Alastair Brogdon

Personal information
- Born: 10 November 1987 (age 38) Hale, Greater Manchester, England
- Height: 1.82 m (6 ft 0 in)
- Weight: 76 kg (168 lb)

Sport
- Sport: Field hockey
- Position: Forward

Senior career
- Years: Team / Caps / Goals
- 2008–2012: Bowdon / - / -
- 2012–2013: Waterloo Ducks / - / -
- 2013–2016: Wimbledon / - / -
- 2016-2017: HC Rotterdam / - / -
- 2017–2019: Wimbledon / - / -

National team
- Years: Team / Caps / Goals
- –: England & GB / 149 / (23)

Medal record
Men's field hockey
Representing England
Champions Trophy
| Silver medal – second place | 2010 Mönchengladbach | Team |
European Championship
| Gold medal – first place | 2009 Amsterdam | Team |
Commonwealth Games
| Bronze medal – third place | 2014 Glasgow | Team |
World League
| Bronze medal – third place | 2014 New Delhi | Team |

= Alastair Brogdon =

British and English field hockey player

Alastair Richard Brogdon (born 10 November 1987) is a British and English former field hockey player who competed at 2016 Summer Olympics in Rio.

== Biography ==
Brogdon was born in November 1987, in Hale, Manchester growing up in Bowdon, the youngest of three boys, both his older brothers, as well as his father and grandfather were hockey players.

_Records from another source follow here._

lemma ord0_ge_mono:
  assumes "ord0_ge S f m'" "m \<le> m'"
  shows "ord0_ge S f m"
proof -
  obtain r h where r: "r > 0" "ball 0 r \<subseteq> S" "h holomorphic_on ball 0 r"
    "\<And>\<zeta>. \<zeta> \<in> ball 0 r - {0} \<Longrightarrow> f \<zeta> = \<zeta> powi m' * h \<zeta>"
    using assms(1) unfolding ord0_ge_def by blast
  define k where "k = nat (m' - m)"
  have "f \<zeta> = \<zeta> powi m * (\<zeta> ^ k * h \<zeta>)" if "\<zeta> \<in> ball 0 r - {0}" for \<zeta>
  proof -
    have "\<zeta> powi m' = \<zeta> powi m * \<zeta> ^ k"
      using that assms(2) by (simp add: k_def flip: power_int_add power_int_of_nat)
    then show ?thesis using r(4) that by (simp add: mult.assoc)
  qed
  moreover have "(\<lambda>\<zeta>. \<zeta> ^ k * h \<zeta>) holomorphic_on ball 0 r"
    by (intro holomorphic_intros r(3))
  ultimately show ?thesis unfolding ord0_ge_def using r by blast
qed

text \<open>The leading coefficient is h(0); the remainder h - h(0) is divisible by the coordinate.\<close>
lemma ord0_ge_leading:
  assumes "ord0_ge S f m"
  shows "\<exists>y. ord0_ge S (\<lambda>\<zeta>. f \<zeta> - \<zeta> powi m * y) (m + 1)"
proof -
  obtain r h where r: "r > 0" "ball 0 r \<subseteq> S" "h holomorphic_on ball 0 r"
    "\<And>\<zeta>. \<zeta> \<in> ball 0 r - {0} \<Longrightarrow> f \<zeta> = \<zeta> powi m * h \<zeta>"
    using assms unfolding ord0_ge_def by blast
  define g where "g = (\<lambda>\<zeta>. if \<zeta> = 0 then deriv h 0 else (h \<zeta> - h 0) / (\<zeta> - 0))"
  have "g holomorphic_on ball 0 r"
    unfolding g_def by (rule pole_lemma_open[OF r(3) open_ball])
  moreover have "f \<zeta> - \<zeta> powi m * h 0 = \<zeta> powi (m + 1) * g \<zeta>" if "\<zeta> \<in> ball 0 r - {0}" for \<zeta>
  proof -
    have "\<zeta> powi (m + 1) = \<zeta> powi m * \<zeta>" using that by (simp add: power_int_add_1)
    then show ?thesis using r(4)[OF that] that by (simp add: g_def field_simps)
  qed
  ultimately show ?thesis unfolding ord0_ge_def using r(1,2) by blast
qed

Brogdon played club hockey in the Men's England Hockey League for Bowdon Hockey Club until 2012. While at Bowdon he made his international debut in 2009. He was part of the 2009 gold medal winning England side at the EuroHockey Championships and competed at the 2010 Commonwealth Games in Delhi. Brogdon was part of the silver medal winning England team that competed at the 2010 Men's Hockey Champions Trophy in Mönchengladbach, Germany.

After Bowdon he played club hockey for Waterloo Ducks and then Wimbledon Hockey Club, winning premier league titles with Wimbledon. Also while at Wimbledon, Brogdon received his 100th England cap against Argentina at the 2014 Champions Trophy, and competed for England in the men's hockey tournament at the 2014 Commonwealth Games in Glasgow, where he won a bronze medal.

Brogdon represented Great Britain at the 2016 Olympic Games in Rio de Janeiro. After the Olympics Brogdon played for HC Rotterdam and at the end of 2016, announced his international retirement.

After a final spell wth Wimbledon, Brogdon retired after the 2018/19 season and took positions coaching with Canterbury Hockey Club and as Director of Hockey at Kent College.

In July 2023, Brogdon alongside four team mates swam the English Channel as a relay in a time of 15hours 5minutes.